Requirement
Go through the entries below. Copy out every line that contains "last".

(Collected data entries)
lemma hankel_form_Suc_companion:
  assumes rec: "fwd_rec k v r f" and "1 \<le> r" "s + r \<le> k"
  shows "hankel_form v (s + 1) r x = hankel_form v s r (companion r f x)"
proof -
  let ?C = "companion r f x"
  have "hankel_form v (s + 1) r x = (\<Sum>a<r. x a * (\<Sum>b<r. x b * v ((s + 1 + a + s) + 1 + b)))"
    unfolding hankel_form_def by (intro sum.cong refl) (simp add: sum_distrib_left ac_simps)
  also have "\<dots> = (\<Sum>a<r. x a * (\<Sum>b<r. ?C b * v ((s + 1 + a + s) + b)))"
  proof (intro sum.cong refl)
    fix a
    assume "a \<in> {..<r}"
    then have "(s + 1 + a + s) + r \<le> 2*k"
      using \<open>s + r \<le> k\<close> by auto
    then show "x a * (\<Sum>b<r. x b * v ((s + 1 + a + s) + 1 + b)) =
        x a * (\<Sum>b<r. ?C b * v ((s + 1 + a + s) + b))"
      using fwd_rec_sum_Suc[OF rec \<open>1 \<le> r\<close>, of "s + 1 + a + s" x] by simp
  qed
  also have "\<dots> = (\<Sum>b<r. ?C b * (\<Sum>a<r. x a * v ((s + 1 + a + s) + b)))"
    by (rule sum_mult_sum_swap)
  also have "\<dots> = (\<Sum>b<r. ?C b * (\<Sum>a<r. x a * v ((s + b + s) + 1 + a)))"
    by (intro sum.cong refl arg_cong2[where f = "(*)"] arg_cong[where f = v]) simp_all
  also have "\<dots> = (\<Sum>b<r. ?C b * (\<Sum>a<r. ?C a * v ((s + b + s) + a)))"
  proof (intro sum.cong refl)
    fix b
    assume "b \<in> {..<r}"
    then have "(s + b + s) + r \<le> 2*k"
      using \<open>s + r \<le> k\<close> by auto
    then show "?C b * (\<Sum>a<r. x a * v ((s + b + s) + 1 + a)) =
        ?C b * (\<Sum>a<r. ?C a * v ((s + b + s) + a))"
      using fwd_rec_sum_Suc[OF rec \<open>1 \<le> r\<close>, of "s + b + s" x] by simp
  qed
  also have "\<dots> = (\<Sum>a<r. ?C a * (\<Sum>b<r. ?C b * v ((s + b + s) + a)))"
    by (rule sum_mult_sum_swap)
  also have "\<dots> = hankel_form v s r ?C"
    unfolding hankel_form_def sum_distrib_left by (intro sum.cong refl) (simp add: ac_simps)
  finally show ?thesis .
qed

lemma companion_eq_0_iff:
  assumes "1 \<le> r" "f 0 \<noteq> 0"
  shows "(\<forall>j<r. companion r f x j = 0) \<longleftrightarrow> (\<forall>i<r. x i = 0)"
proof
  assume C: "\<forall>j<r. companion r f x j = 0"
  then have last: "x (r - 1) = 0"
    using assms by (auto simp: companion_def dest: spec[of _ 0])
  show "\<forall>i<r. x i = 0"
  proof (intro allI impI)
    fix i
    assume "i < r"
    show "x i = 0"
    proof (cases "i = r - 1")
      case False
      then show ?thesis
        using C[rule_format, of "i + 1"] \<open>i < r\<close> last by (simp add: companion_def)
    qed (use last in simp)
  qed
qed (auto simp: companion_def)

Worked solution
  then have last: "x (r - 1) = 0"
        using C[rule_format, of "i + 1"] \<open>i < r\<close> last by (simp add: companion_def)
    qed (use last in simp)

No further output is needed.